=== PROBLEM TO SOLVE ===
Exact copies of all entries are expected.

=== RECORDED INFORMATION ===
(* Let $H$ be a finite-dimensional Hopf algebra over a field $k$, $R\subseteq H$ a Hopf subalgebra, $Q=H/R^+H$, and let $\ell_Q$ be the stage at which the descending chain of annihilator ideals $\mathrm{Ann}\,Q\supseteq\mathrm{Ann}\,Q^{\otimes 2}\supseteq\cdots$ stabilizes. Then $\sigma[Q^{\otimes \ell_Q}]=\sigma[Q^{\otimes(\ell_Q+n)}]$ for all $n\in\mathbb{N}$.
   Context: $R^+=\ker\varepsilon\cap R$ and $Q=H/R^+H$ is a right $H$-module. $Q^{\otimes n}$ denotes the $n$-fold tensor power in mod-$H$ (tensor over $k$ with diagonal action $(m\otimes n)h=mh_{(1)}\otimes nh_{(2)}$). $\mathrm{Ann}\,M=\{h\in H:Mh=0\}$. $\ell_Q$ is the least $n\ge1$ with $\mathrm{Ann}\,Q^{\otimes n}=\mathrm{Ann}\,Q^{\otimes m}$ for all $m\ge n$. For a module $M$ over a finite-dimensional algebra $C$, $\sigma[M]$ is the full subcategory of mod-$C$ whose objects are submodules of quotients of finite direct sums of copies of $M$. *)

theory Defs
  imports Main
begin

text \<open>A finite-dimensional Hopf algebra H over a field 'k is given by a finite basis
indexed by a finite type 'i; elements of H are coordinate vectors 'i \<Rightarrow> 'k,
and elements of H \<otimes> H are coordinate vectors ('i \<times> 'i) \<Rightarrow> 'k.
The structure maps are given by their structure constants:
  e_a e_b = \<Sum>_c smul a b c e_c,   1 = \<Sum>_a sunit a e_a,
  \<Delta> e_a = \<Sum>_{b,c} scomul a b c e_b \<otimes> e_c,   \<epsilon> e_a = scounit a,
  S e_a = \<Sum>_b santi a b e_b.\<close>

record ('k,'i) hopf_data =
  smul :: "'i \<Rightarrow> 'i \<Rightarrow> 'i \<Rightarrow> 'k"
  sunit :: "'i \<Rightarrow> 'k"
  scomul :: "'i \<Rightarrow> 'i \<Rightarrow> 'i \<Rightarrow> 'k"
  scounit :: "'i \<Rightarrow> 'k"
  santi :: "'i \<Rightarrow> 'i \<Rightarrow> 'k"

=== ANSWER ===
(* Let $H$ be a finite-dimensional Hopf algebra over a field $k$, $R\subseteq H$ a Hopf subalgebra, $Q=H/R^+H$, and let $\ell_Q$ be the stage at which the descending chain of annihilator ideals $\mathrm{Ann}\,Q\supseteq\mathrm{Ann}\,Q^{\otimes 2}\supseteq\cdots$ stabilizes. Then $\sigma[Q^{\otimes \ell_Q}]=\sigma[Q^{\otimes(\ell_Q+n)}]$ for all $n\in\mathbb{N}$.
   Context: $R^+=\ker\varepsilon\cap R$ and $Q=H/R^+H$ is a right $H$-module. $Q^{\otimes n}$ denotes the $n$-fold tensor power in mod-$H$ (tensor over $k$ with diagonal action $(m\otimes n)h=mh_{(1)}\otimes nh_{(2)}$). $\mathrm{Ann}\,M=\{h\in H:Mh=0\}$. $\ell_Q$ is the least $n\ge1$ with $\mathrm{Ann}\,Q^{\otimes n}=\mathrm{Ann}\,Q^{\otimes m}$ for all $m\ge n$. For a module $M$ over a finite-dimensional algebra $C$, $\sigma[M]$ is the full subcategory of mod-$C$ whose objects are submodules of quotients of finite direct sums of copies of $M$. *)

theory Defs
  imports Main
begin

text \<open>A finite-dimensional Hopf algebra H over a field 'k is given by a finite basis
indexed by a finite type 'i; elements of H are coordinate vectors 'i \<Rightarrow> 'k,
and elements of H \<otimes> H are coordinate vectors ('i \<times> 'i) \<Rightarrow> 'k.
The structure maps are given by their structure constants:
  e_a e_b = \<Sum>_c smul a b c e_c,   1 = \<Sum>_a sunit a e_a,
  \<Delta> e_a = \<Sum>_{b,c} scomul a b c e_b \<otimes> e_c,   \<epsilon> e_a = scounit a,
  S e_a = \<Sum>_b santi a b e_b.\<close>

record ('k,'i) hopf_data =
  smul :: "'i \<Rightarrow> 'i \<Rightarrow> 'i \<Rightarrow> 'k"
  sunit :: "'i \<Rightarrow> 'k"
  scomul :: "'i \<Rightarrow> 'i \<Rightarrow> 'i \<Rightarrow> 'k"
  scounit :: "'i \<Rightarrow> 'k"
  santi :: "'i \<Rightarrow> 'i \<Rightarrow> 'k"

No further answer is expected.